Não obstante, os três são um.Para nós, essa verdade é um grande
mistério. Que nos seja suficiente receber e crer nessa doutrina, e
que nos abstenhamos de qualquer tentativa de explicação! É tolice
infantil recusar aceitação a alguma coisa simplesmente porque não
a entendemos. Nós somos como vermes que rastejam pelo chão
por um breve tempo; quando muito, pouco conhecemos a respeito
de Deus e da eternidade. Que seja suficiente recebermos no
coração a doutrina da Trindade em Unidade, com uma atitude
humilde e reverente, sem perguntas presunçosas! Creiamos que
nem mesmo uma única alma pecaminosa poderia ser salva sem a
operação conjunta de todas as três pessoas na bendita Trindade; e
regozijemo-nos porque Pai, Filho e Espírito Santo, que cooperaram
para criar o homem, também cooperam para sua salvação. Convém
que paremos por aqui. Podemos receber aquilo que não podemos
explicar teoricamente.
Finalmente, observemos nesses versículos a graciosa
promessa com que Jesus encerra suas palavras. Ele diz aos seus
discípulos: “Estou convosco todos os dias até à consumação do
século”. É impossível concebermos palavras mais consoladoras,
fortalecedoras, animadoras e santificadoras do que essas. Embora
deixados a sós, como crianças órfãs em um mundo frio e hostil, os
discípulos não deveriam julgar-se abandonados. O Mestre estaria
sempre com eles (“convosco”). Embora comissionados a realizar
uma obra tão dura quanto aquela para a qual Moisés fora enviado a
Faraó, eles não deveriam ficar desencorajados. Certamente, o
Mestre estaria “com eles”. Por conseguinte, não havia palavras mais
apropriadas. Nenhuma palavra poderia ser mais adequada à
posição daqueles primeiros discípulos. Também não é possível
imaginar uma palavra mais consoladora para os crentes de todos os
séculos.
Que todos os verdadeiros crentes se apossem dessas palavras
de Jesus e as tenham sempre em mente! Cristo está “conosco”
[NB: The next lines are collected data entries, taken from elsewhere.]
lemma orth_projector_add_rank_one:
  assumes P: "orth_projector n P"
    and r: "r \<in> carrier_vec n" and Pr: "P *\<^sub>v r = 0\<^sub>v n" and r0: "r \<noteq> 0\<^sub>v n"
  defines "P' \<equiv> P + (1 / (r \<bullet> r)) \<cdot>\<^sub>m outer_mat r"
  shows "orth_projector n P'"
    and "\<And>x. x \<in> carrier_vec n \<Longrightarrow> P' *\<^sub>v x = P *\<^sub>v x + ((r \<bullet> x) / (r \<bullet> r)) \<cdot>\<^sub>v r"
proof -
  have Pc: "P \<in> carrier_mat n n" and Ps: "transpose_mat P = P"
    using P by (auto simp: orth_projector_def)
  have P'c: "P' \<in> carrier_mat n n"
    using Pc r by (simp add: P'_def)
  have rr: "r \<bullet> r \<noteq> 0"
    using self_scalar_prod_eq_0_iff[OF r] r0 by simp
  show act: "P' *\<^sub>v x = P *\<^sub>v x + ((r \<bullet> x) / (r \<bullet> r)) \<cdot>\<^sub>v r" if x: "x \<in> carrier_vec n" for x
  proof -
    have "P' *\<^sub>v x = P *\<^sub>v x + ((1 / (r \<bullet> r)) \<cdot>\<^sub>m outer_mat r) *\<^sub>v x"
      unfolding P'_def using Pc r x by (simp add: add_mult_distrib_mat_vec)
    also have "((1 / (r \<bullet> r)) \<cdot>\<^sub>m outer_mat r) *\<^sub>v x = ((r \<bullet> x) / (r \<bullet> r)) \<cdot>\<^sub>v r"
      using r x by (simp add: smult_mat_mult_vec[of _ n n] outer_mat_mult_vec smult_smult_assoc)
    finally show ?thesis .
  qed
  have "transpose_mat P' = P'"
  proof (rule eq_matI)
    fix i j assume "i < dim_row P'" "j < dim_col P'"
    hence ij: "i < n" "j < n" using P'c by auto
    have "P $$ (j, i) = P $$ (i, j)"
      using ij Pc arg_cong[OF Ps, of "\<lambda>M. M $$ (i, j)"] by simp
    thus "transpose_mat P' $$ (i, j) = P' $$ (i, j)"
      using ij Pc r by (simp add: P'_def outer_mat_def)
  qed (use P'c in auto)
  moreover have "P' * P' = P'"
  proof (rule mat_eq_iff_mult_vec_eq)
    fix x :: "real vec" assume x: "x \<in> carrier_vec n"
    define t where "t = (r \<bullet> x) / (r \<bullet> r)"
    have y: "P *\<^sub>v x + t \<cdot>\<^sub>v r \<in> carrier_vec n"
      using Pc x r by simp
    have "P *\<^sub>v (P *\<^sub>v x + t \<cdot>\<^sub>v r) = P *\<^sub>v x"
      using Pc x r Pr orth_projector_idem_vec[OF P x] by (simp add: mult_add_distrib_mat_vec mult_mat_vec)
    moreover have "r \<bullet> (P *\<^sub>v x + t \<cdot>\<^sub>v r) = t * (r \<bullet> r)"
      using Pc x r Pr sym_mat_scalar_prod[OF Pc Ps r x] by (simp add: scalar_prod_add_distrib)
    ultimately have "P' *\<^sub>v (P' *\<^sub>v x) = P' *\<^sub>v x"
      unfolding act[OF x] act[OF y] t_def[symmetric] using rr by simp
    thus "(P' * P') *\<^sub>v x = P' *\<^sub>v x"
      using assoc_mult_mat_vec[OF P'c P'c x] by simp
  qed (use P'c in auto)
  ultimately show "orth_projector n P'"
    using P'c by (simp add: orth_projector_def)
qed

lemma column_space_projector:
  fixes A :: "real mat"
  assumes A: "A \<in> carrier_mat n m" and "k \<le> m"
  shows "\<exists>P. orth_projector n P \<and> (\<forall>j<k. P *\<^sub>v col A j = col A j)
           \<and> (\<forall>v\<in>carrier_vec n. (\<forall>j<k. col A j \<bullet> v = 0) \<longrightarrow> P *\<^sub>v v = 0\<^sub>v n)"
  using \<open>k \<le> m\<close>
proof (induction k)
  case 0
  show ?case
    by (intro exI[of _ "0\<^sub>m n n"]) (auto simp: orth_projector_def)
next
  case (Suc k)
  then obtain P where P: "orth_projector n P" and fix_cols: "\<forall>j<k. P *\<^sub>v col A j = col A j"
    and kill: "\<forall>v\<in>carrier_vec n. (\<forall>j<k. col A j \<bullet> v = 0) \<longrightarrow> P *\<^sub>v v = 0\<^sub>v n"
    by auto
  have Pc: "P \<in> carrier_mat n n" and Ps: "transpose_mat P = P"
    using P by (auto simp: orth_projector_def)
  have col: "col A j \<in> carrier_vec n" for j
    using A by (intro carrier_vecI) simp
  define w where "w = col A k"
  define r where "r = w - P *\<^sub>v w"
  have w: "w \<in> carrier_vec n" and r: "r \<in> carrier_vec n"
    using col Pc by (simp_all add: w_def r_def)
  have Pr: "P *\<^sub>v r = 0\<^sub>v n"
    unfolding r_def using Pc w orth_projector_idem_vec[OF P w] by (simp add: mult_minus_distrib_mat_vec)
  have r_orth: "r \<bullet> (P *\<^sub>v x) = 0" if "x \<in> carrier_vec n" for x
    using sym_mat_scalar_prod[OF Pc Ps r that] Pr that by simp
  have r_w: "r \<bullet> v = w \<bullet> v - w \<bullet> (P *\<^sub>v v)" if "v \<in> carrier_vec n" for v
    using sym_mat_scalar_prod[OF Pc Ps w that] that w Pc by (simp add: r_def minus_scalar_prod_distrib)
  show ?case
  proof (cases "r = 0\<^sub>v n")
    case True
    have "P *\<^sub>v w = w"
    proof (rule eq_vecI)
      fix i assume i: "i < dim_vec w"
      hence "r $ i = 0" using True w by simp
      thus "(P *\<^sub>v w) $ i = w $ i" using i w Pc by (simp add: r_def)
    qed (use w Pc in simp)
    thus ?thesis
      using P fix_cols kill by (intro exI[of _ P]) (auto simp: w_def less_Suc_eq)
  next
    case False
    define P' where "P' = P + (1 / (r \<bullet> r)) \<cdot>\<^sub>m outer_mat r"
    note P' = orth_projector_add_rank_one[OF P r Pr False, folded P'_def]
    have "r \<bullet> r \<noteq> 0"
      using self_scalar_prod_eq_0_iff[OF r] False by simp
    have "P' *\<^sub>v col A j = col A j" if "j < Suc k" for j
    proof (cases "j = k")
      case True
      have "r \<bullet> (w - P *\<^sub>v w) = r \<bullet> w - r \<bullet> (P *\<^sub>v w)"
        by (rule scalar_prod_minus_distrib[OF r w]) (use Pc w in simp)
      hence "r \<bullet> w = r \<bullet> r"
        using r_orth[OF w] by (simp add: r_def[symmetric])
      hence "P' *\<^sub>v w = P *\<^sub>v w + r"
        using P'(2)[OF w] \<open>r \<bullet> r \<noteq> 0\<close> by simp
      also have "\<dots> = w"
        by (rule eq_vecI) (use w Pc in \<open>auto simp: r_def\<close>)
      finally show ?thesis
        using True by (simp add: w_def)
    next
      case False
      hence "P *\<^sub>v col A j = col A j"
        using fix_cols that by simp
      hence "r \<bullet> col A j = 0"
        using r_orth[OF col] by metis
      thus ?thesis
        using P'(2)[OF col] \<open>P *\<^sub>v col A j = col A j\<close> col by (simp add: zero_smult_vec[OF r])
    qed
    moreover have "P' *\<^sub>v v = 0\<^sub>v n" if "v \<in> carrier_vec n" "\<forall>j<Suc k. col A j \<bullet> v = 0" for v
    proof -
      have "P *\<^sub>v v = 0\<^sub>v n"
        using kill that by simp
      moreover have "r \<bullet> v = 0"
        using r_w[OF that(1)] that \<open>P *\<^sub>v v = 0\<^sub>v n\<close> w by (simp add: w_def)
      ultimately show ?thesis
        using P'(2)[OF that(1)] r by (simp add: zero_smult_vec[OF r])
    qed
    ultimately show ?thesis
      using P'(1) by blast
  qed
qed

definition is_mp_pinv :: "nat \<Rightarrow> 'a::comm_ring_1 mat \<Rightarrow> 'a mat \<Rightarrow> bool" where
  "is_mp_pinv n A B \<longleftrightarrow> B \<in> carrier_mat n n \<and> A * B * A = A \<and> B * A * B = B
      \<and> transpose_mat (A * B) = A * B \<and> transpose_mat (B * A) = B * A"

lemma mp_pinv_eq_The: "mp_pinv n A = (THE B. is_mp_pinv n A B)"
  unfolding mp_pinv_def is_mp_pinv_def ..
todos os dias. Cristo está “conosco” em todo lugar ao qual vamos.
Quando nasceu neste mundo, ele veio para ser “Emanuel, Deus
conosco”. Agora, quando chega ao fim de seu ministério terrestre e
está prestes a deixar o mundo, ele declara que é Emanuel, sempre
“conosco”. Ele está conosco diariamente para perdoar e absolver;
está conosco diariamente para santificar e fortalecer; está conosco
diariamente para defender e guardar; está conosco diariamente para
conduzir e guiar; está conosco nas tristezas e nas alegrias; está
conosco na saúde ou na enfermidade; está conosco na vida e na
morte; está conosco no tempo e na eternidade.
Qual maior consolação os crentes poderiam desejar do que
esta? Não importa o que aconteça, nunca estamos completamente
sozinhos ou sem amigos. Cristo está sempre conosco. Podemos
olhar para dentro da sepultura e dizer, com Davi: “Ainda que eu
ande pelo vale da sombra da morte, não temerei mal nenhum,
porque tu estás comigo” (Sl 23.4). Podemos olhar para além da
sepultura e dizer, com Paulo: “Estaremos para sempre com o
Senhor” (1Ts 4.17). Jesus o disse e o cumprirá: “Estou convosco
todos os dias até à consumação do século”. E igualmente: “De
maneira alguma te deixarei, nunca jamais te abandonarei” (Hb 13.5).
Não poderíamos pedir mais do que isso! Prossigamos, confiando
em Cristo e não tendo receio de coisa alguma. Ser um crente
verdadeiro é tudo. Não há quem tenha semelhante Rei, um tal
Sacerdote, um Companheiro tão constante e um Amigo assim,
infalível, como têm os verdadeiros servos de Jesus Cristo.